The winning and losing parties in most construction litigation have at least one thing in common - they both wind up paying their own legal expenses. That is fair enough for the losing party. But what about the winner who was forced into litigation to collect money that was legally due?
The economic reality of litigation is that without reimbursement for attorneys fees, the prevailing party is not made whole even when awarded its full claim. The legal cost of collection substantially reduces net recovery so that the party who wins in court still suffers a considerable loss. That is so unless the prevailing party can collect its legal cost from the party who forced the litigation and lost.
In Massachusetts (like most American jurisdictions) a prevailing party can recover its attorneys fees only where reimbursement is specifically provided for by statute or by the contract agreed to by both parties. There are three Massachusetts statutes that provide the possibility of recovering attorneys fees in litigation involving construction disputes. All three are limited in their application. The first is G.L. c. 149, §29, the public bonding statute. That statute enables subcontractors and suppliers on public projects in Massachusetts to recover attorneys fees based on time spent and result accomplished when they recover judgment for unpaid labor and materials covered by the statutory payment bond (See Construction Law Comments Winter 1995). C. 149, §29 does not apply at all to private construction projects.

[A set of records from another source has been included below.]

(* Let $H$ be a $\Lambda$-module and $k\ge1$. (i) For every $z\in S^1$ and every character $\chi\colon H\to S^1$ factoring through $H/(t^k-1)H$, the map $\alpha_{(z,\chi)}\colon\mathbb{Z}\ltimes H\to U(k)$ is a group homomorphism. (ii) If $\chi$ does not factor through $H/(t^l-1)H$ for any $1\le l<k$, then $\alpha_{(z,\chi)}$ is irreducible. (iii) Conversely, every irreducible unitary representation $\mathbb{Z}\ltimes H\to U(k)$ is conjugate (by a unitary matrix) to $\alpha_{(z,\chi)}$ for some $z\in S^1$ and some character $\chi\colon H\to H/(t^k-1)H\to S^1$.
   Context: $\Lambda=\mathbb{Z}[t,t^{-1}]$. For a $\Lambda$-module $H$, $\mathbb{Z}\ltimes H$ denotes the group with underlying set $\mathbb{Z}\times H$ and multiplication $(n,h)(m,h')=(n+m,\,t^mh+h')$. For $z\in S^1$ and a character $\chi\colon H\to S^1$ factoring through $H/(t^k-1)H$, define $\alpha_{(z,\chi)}(n,h)=z^n A^n\,\mathrm{diag}(\chi(h),\chi(th),\dots,\chi(t^{k-1}h))$, where $A$ is the $k\times k$ cyclic permutation matrix with $Ae_i=e_{i+1}$ for $i<k$ and $Ae_k=e_1$ (i.e. ones on the subdiagonal and in the top-right corner). *)

theory Defs
  imports Complex_Main "Jordan_Normal_Form.Matrix"
begin

text \<open>A module over Lambda = Z[t,t^-1] is an abelian group H together with an
  additive automorphism T (the action of t).\<close>

definition lambda_module :: "('h::ab_group_add \<Rightarrow> 'h) \<Rightarrow> bool" where
  "lambda_module T \<longleftrightarrow> bij T \<and> (\<forall>a b. T (a + b) = T a + T b)"

definition tpow :: "('h \<Rightarrow> 'h) \<Rightarrow> int \<Rightarrow> 'h \<Rightarrow> 'h" where
  "tpow T m = (if 0 \<le> m then T ^^ nat m else (inv_into UNIV T) ^^ nat (- m))"

definition sd_mult :: "('h::ab_group_add \<Rightarrow> 'h) \<Rightarrow> int \<times> 'h \<Rightarrow> int \<times> 'h \<Rightarrow> int \<times> 'h" where
  "sd_mult T g g' = (fst g + fst g', tpow T (fst g') (snd g) + snd g')"

definition character :: "('h::ab_group_add \<Rightarrow> complex) \<Rightarrow> bool" where
  "character \<chi> \<longleftrightarrow> (\<forall>a. cmod (\<chi> a) = 1) \<and> (\<forall>a b. \<chi> (a + b) = \<chi> a * \<chi> b)"

text \<open>chi factors through H/(t^l - 1)H, i.e. chi vanishes (is 1) on (t^l - 1)H.\<close>
definition factors_through :: "('h::ab_group_add \<Rightarrow> 'h) \<Rightarrow> nat \<Rightarrow> ('h \<Rightarrow> complex) \<Rightarrow> bool" where
  "factors_through T l \<chi> \<longleftrightarrow> (\<forall>h. \<chi> ((T ^^ l) h - h) = 1)"

definition ctrans :: "complex mat \<Rightarrow> complex mat" where
  "ctrans A = mat (dim_col A) (dim_row A) (\<lambda>(i, j). cnj (A $$ (j, i)))"

definition unitary_mat :: "nat \<Rightarrow> complex mat \<Rightarrow> bool" where
  "unitary_mat k U \<longleftrightarrow> U \<in> carrier_mat k k \<and> U * ctrans U = 1\<^sub>m k \<and> ctrans U * U = 1\<^sub>m k"

definition mat_inv :: "nat \<Rightarrow> complex mat \<Rightarrow> complex mat" where
  "mat_inv k A = (THE B. B \<in> carrier_mat k k \<and> A * B = 1\<^sub>m k \<and> B * A = 1\<^sub>m k)"

definition mat_ipow :: "nat \<Rightarrow> complex mat \<Rightarrow> int \<Rightarrow> complex mat" where
  "mat_ipow k A n = (if 0 \<le> n then A ^\<^sub>m nat n else (mat_inv k A) ^\<^sub>m nat (- n))"

definition unitary_rep :: "('h::ab_group_add \<Rightarrow> 'h) \<Rightarrow> nat \<Rightarrow> (int \<times> 'h \<Rightarrow> complex mat) \<Rightarrow> bool" where
  "unitary_rep T k \<rho> \<longleftrightarrow> (\<forall>g. unitary_mat k (\<rho> g)) \<and>
     (\<forall>g g'. \<rho> (sd_mult T g g') = \<rho> g * \<rho> g')"

definition invariant_subspace :: "nat \<Rightarrow> (int \<times> 'h \<Rightarrow> complex mat) \<Rightarrow> complex vec set \<Rightarrow> bool" where
  "invariant_subspace k \<rho> W \<longleftrightarrow> W \<subseteq> carrier_vec k \<and> 0\<^sub>v k \<in> W \<and>
     (\<forall>v\<in>W. \<forall>w\<in>W. v + w \<in> W) \<and> (\<forall>c. \<forall>v\<in>W. c \<cdot>\<^sub>v v \<in> W) \<and>
     (\<forall>g. \<forall>v\<in>W. \<rho> g *\<^sub>v v \<in> W)"

definition irreducible_rep :: "nat \<Rightarrow> (int \<times> 'h \<Rightarrow> complex mat) \<Rightarrow> bool" where
  "irreducible_rep k \<rho> \<longleftrightarrow> (\<forall>W. invariant_subspace k \<rho> W \<longrightarrow> W = {0\<^sub>v k} \<or> W = carrier_vec k)"

text \<open>Cyclic permutation matrix: A e_i = e_(i+1), A e_k = e_1 (0-indexed here).\<close>
definition cyc_mat :: "nat \<Rightarrow> complex mat" where
  "cyc_mat k = mat k k (\<lambda>(i, j). if i = Suc j mod k then 1 else 0)"

definition alpha :: "('h::ab_group_add \<Rightarrow> 'h) \<Rightarrow> nat \<Rightarrow> complex \<Rightarrow> ('h \<Rightarrow> complex) \<Rightarrow> int \<times> 'h \<Rightarrow> complex mat" where
  "alpha T k z \<chi> g = (z powi (fst g)) \<cdot>\<^sub>m (mat_ipow k (cyc_mat k) (fst g) *
      mat k k (\<lambda>(i, j). if i = j then \<chi> ((T ^^ i) (snd g)) else 0))"

end

(* Every alpha_(z,chi)(n,h) is a monomial matrix, sending e_j to z^n chi(t^j h) e_(j+n mod k).
   Products of such matrices are again monomial, and since chi is periodic under t^k the
   diagonal factors obey the multiplication rule of Z \<ltimes> H; this gives (i).

   For (ii), exact period k makes the characters chi o t^j (j < k) pairwise distinct, so in a
   nonzero invariant subspace a nonzero vector of minimal support is a multiple of a unit vector,
   and the cyclic shift alpha(1,0) then produces all unit vectors.

   For (iii), the commuting unitary matrices rho(0,h) have a common unit eigenvector v, whose
   eigenvalues form a character chi. The vector rho(1,0)^j v is an eigenvector for chi o t^j, and
   eigenvectors of a unitary matrix for distinct eigenvalues are orthogonal, so chi has a least
   period l. An eigenvector of rho(1,0)^l in the chi-eigenspace, with its orbit rescaled by an l-th
   root z of the eigenvalue, yields an isometry W from C^l to C^k with rho(g) W = W alpha_(z,chi)(g).
   Irreducibility makes W onto, hence l = k and W is the required unitary matrix. *)

theory Submission
  imports Defs "Jordan_Normal_Form.DL_Rank" "Jordan_Normal_Form.Char_Poly"
begin

section \<open>Subspaces and eigenvectors\<close>

lemma mat_mult_unit_vec:
  "(A :: 'a :: semiring_1 mat) \<in> carrier_mat n m \<Longrightarrow> j < m \<Longrightarrow> A *\<^sub>v unit_vec m j = col A j"
  unfolding carrier_mat_def by (intro eq_vecI) auto

definition lin_subspace :: "nat \<Rightarrow> 'a::field vec set \<Rightarrow> bool" where
  "lin_subspace n W \<longleftrightarrow> W \<subseteq> carrier_vec n \<and> 0\<^sub>v n \<in> W \<and> (\<forall>v\<in>W. \<forall>w\<in>W. v + w \<in> W) \<and>
     (\<forall>c. \<forall>v\<in>W. c \<cdot>\<^sub>v v \<in> W)"

lemma invariant_subspace_iff:
  "invariant_subspace k \<rho> W \<longleftrightarrow> lin_subspace k W \<and> (\<forall>g. \<forall>v\<in>W. \<rho> g *\<^sub>v v \<in> W)"
  unfolding invariant_subspace_def lin_subspace_def by blast

lemma lin_subspace_carrier: "lin_subspace n (carrier_vec n)"
  unfolding lin_subspace_def by auto

lemma lin_subspace_common_eigenspace:
  assumes W: "lin_subspace n W" and F: "\<And>i. F i \<in> carrier_mat n n"
  shows "lin_subspace n {w \<in> W. \<forall>i. F i *\<^sub>v w = c i \<cdot>\<^sub>v w}"
  unfolding lin_subspace_def
proof (intro conjI ballI allI)
  have WC: "W \<subseteq> carrier_vec n" using W unfolding lin_subspace_def by blast
  have "F i *\<^sub>v 0\<^sub>v n = c i \<cdot>\<^sub>v 0\<^sub>v n" for i using F[of i] by (intro eq_vecI) auto
  then show "0\<^sub>v n \<in> {w \<in> W. \<forall>i. F i *\<^sub>v w = c i \<cdot>\<^sub>v w}"
    using W unfolding lin_subspace_def by blast
  fix v w assume v: "v \<in> {w \<in> W. \<forall>i. F i *\<^sub>v w = c i \<cdot>\<^sub>v w}"
  have vC: "v \<in> carrier_vec n" using v WC by auto
  { fix u assume u: "u \<in> {w \<in> W. \<forall>i. F i *\<^sub>v w = c i \<cdot>\<^sub>v w}"
    have uC: "u \<in> carrier_vec n" using u WC by auto
    have "v + u \<in> W" using v u W unfolding lin_subspace_def by blast
    moreover have "F i *\<^sub>v (v + u) = c i \<cdot>\<^sub>v (v + u)" for i
      using u v by (simp add: mult_add_distrib_mat_vec[OF F vC uC] smult_add_distrib_vec[OF vC uC])
    ultimately show "v + u \<in> {w \<in> W. \<forall>i. F i *\<^sub>v w = c i \<cdot>\<^sub>v w}" by blast }
  fix a
  have "a \<cdot>\<^sub>v v \<in> W" using v W unfolding lin_subspace_def by blast
  moreover have "F i *\<^sub>v (a \<cdot>\<^sub>v v) = c i \<cdot>\<^sub>v (a \<cdot>\<^sub>v v)" for i
    using v by (simp add: mult_mat_vec[OF F vC] smult_smult_assoc mult.commute)
  ultimately show "a \<cdot>\<^sub>v v \<in> {w \<in> W. \<forall>i. F i *\<^sub>v w = c i \<cdot>\<^sub>v w}" by blast
qed (use W in \<open>auto simp: lin_subspace_def\<close>)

The second statute is c. 93A, §11 which permits contractors and subcontractors (among other commercial parties) to recover reasonable attorneys fees and multiple damages against those who engage in unfair and deceptive commercial practices. The difficulty is establishing that the failure to pay for labor and materials was more than just a breach of contract, and involved some ulterior purpose that was highly unethical. (See Construction Law Comments Fall 1992). Without such proof there can be no recovery of attorneys fees under c. 93A.
The third and most limited statute permitting recovery of attorneys fees is c. 231, §6F. Under that statute a court may award the prevailing party its attorneys fees where the Court concludes the defenses raised by the losing party were frivolous and wholly without support. But, it is a rare case where the losing party does not have some arguable point which would avoid application of the statute.

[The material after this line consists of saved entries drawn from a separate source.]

locale few_finite_values =
  fixes K :: "'i set" and g :: "'i \<Rightarrow> 'a set"
  assumes infinite_index: "infinite K"
    and finite_values: "\<And>\<xi>. \<xi> \<in> K \<Longrightarrow> finite (g \<xi>)"
    and nonempty_values: "\<And>\<xi>. \<xi> \<in> K \<Longrightarrow> g \<xi> \<noteq> {}"
    and few_values: "g ` K \<prec> K"
    and point_preimages_small: "\<And>x. {\<xi> \<in> K. x \<in> g \<xi>} \<prec> K"
begin

definition shadow :: "'a set \<Rightarrow> 'i set"
  where "shadow A = {\<xi> \<in> K. g \<xi> \<inter> A \<noteq> {}}"

definition preimage :: "'a set set \<Rightarrow> 'i set"
  where "preimage I = {\<xi> \<in> K. g \<xi> \<in> I}"

definition absorbing :: "'a set set \<Rightarrow> bool"
  where "absorbing I \<longleftrightarrow> I \<subseteq> g ` K \<and> disjoint I \<and> (\<forall>G\<in>I. shadow G \<lesssim> preimage I)"

lemma shadow_Un: "shadow (A \<union> B) = shadow A \<union> shadow B"
  by (auto simp: shadow_def)

lemma preimage_mono: "I \<subseteq> J \<Longrightarrow> preimage I \<subseteq> preimage J"
  by (auto simp: preimage_def)

lemma shadow_finite_lesspoll: "finite A \<Longrightarrow> shadow A \<prec> K"
proof -
  assume "finite A"
  have "shadow A = (\<Union>x\<in>A. {\<xi> \<in> K. x \<in> g \<xi>})" by (auto simp: shadow_def)
  also have "\<dots> \<prec> K"
    using infinite_index \<open>finite A\<close> by (rule finite_UN_lesspoll_infinite) (rule point_preimages_small)
  finally show ?thesis .
qed

lemma value_shadow_lesspoll: "G \<in> g ` K \<Longrightarrow> shadow G \<prec> K"
  using finite_values shadow_finite_lesspoll by blast

lemma exists_value_with_large_preimage:
  assumes "shadow A \<prec> K" and "Z \<prec> K"
  shows "\<exists>G\<in>g ` K. G \<inter> A = {} \<and> Z \<prec> preimage {G}"
proof (rule ccontr)
  assume no_value: "\<not> ?thesis"
  define R where "R = K - shadow A"
  have small_preimages: "preimage {G} \<lesssim> Z" if "G \<in> g ` R" for G
    using that no_value not_lepoll_iff_lesspoll by (auto simp: R_def shadow_def)
  have "R \<subseteq> (\<Union>G\<in>g ` R. preimage {G})" by (auto simp: R_def preimage_def)
  then have "R \<lesssim> (\<Union>G\<in>g ` R. preimage {G})" by (rule subset_imp_lepoll)
  also have "\<dots> \<lesssim> g ` R \<times> Z" using small_preimages by (rule UN_lepoll_Times)
  also have "g ` R \<times> Z \<prec> K"
  proof (rule Times_lesspoll_infinite[OF infinite_index _ assms(2)])
    show "g ` R \<prec> K"
      by (rule lesspoll_trans1[OF subset_imp_lepoll few_values]) (auto simp: R_def)
  qed
  finally have "R \<prec> K" .
  then have "shadow A \<union> R \<prec> K" using Un_lesspoll_infinite[OF infinite_index assms(1)] by blast
  moreover have "shadow A \<union> R = K" by (auto simp: R_def shadow_def)
  ultimately show False by simp
qed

Where none of these statutes applies, a party may recover its attorneys fees only if reimbursement of such costs are provided for in the contract executed by the parties. Massachusetts courts traditionally enforce contract provisions requiring one party to pay the other partys attorneys fees. The difficulty is getting both parties to a contract to agree to a provision transferring the entire legal cost of litigation to the losing party. It is a risk some parties are unwilling to assume voluntarily.
There is a hidden benefit, however, to a provision requiring reimbursement of attorneys fees to the prevailing party. When such provisions exist there is a much greater incentive to settle disputes short of litigation because the prospect of paying your own attorney, plus your opponents attorney if you lose, increases economic exposure to the point where compromise makes more sense than protracted legal warfare.
1A different approach exists in England where the prevailing party traditionally collects its full legal expenses from the losing party in every civil action.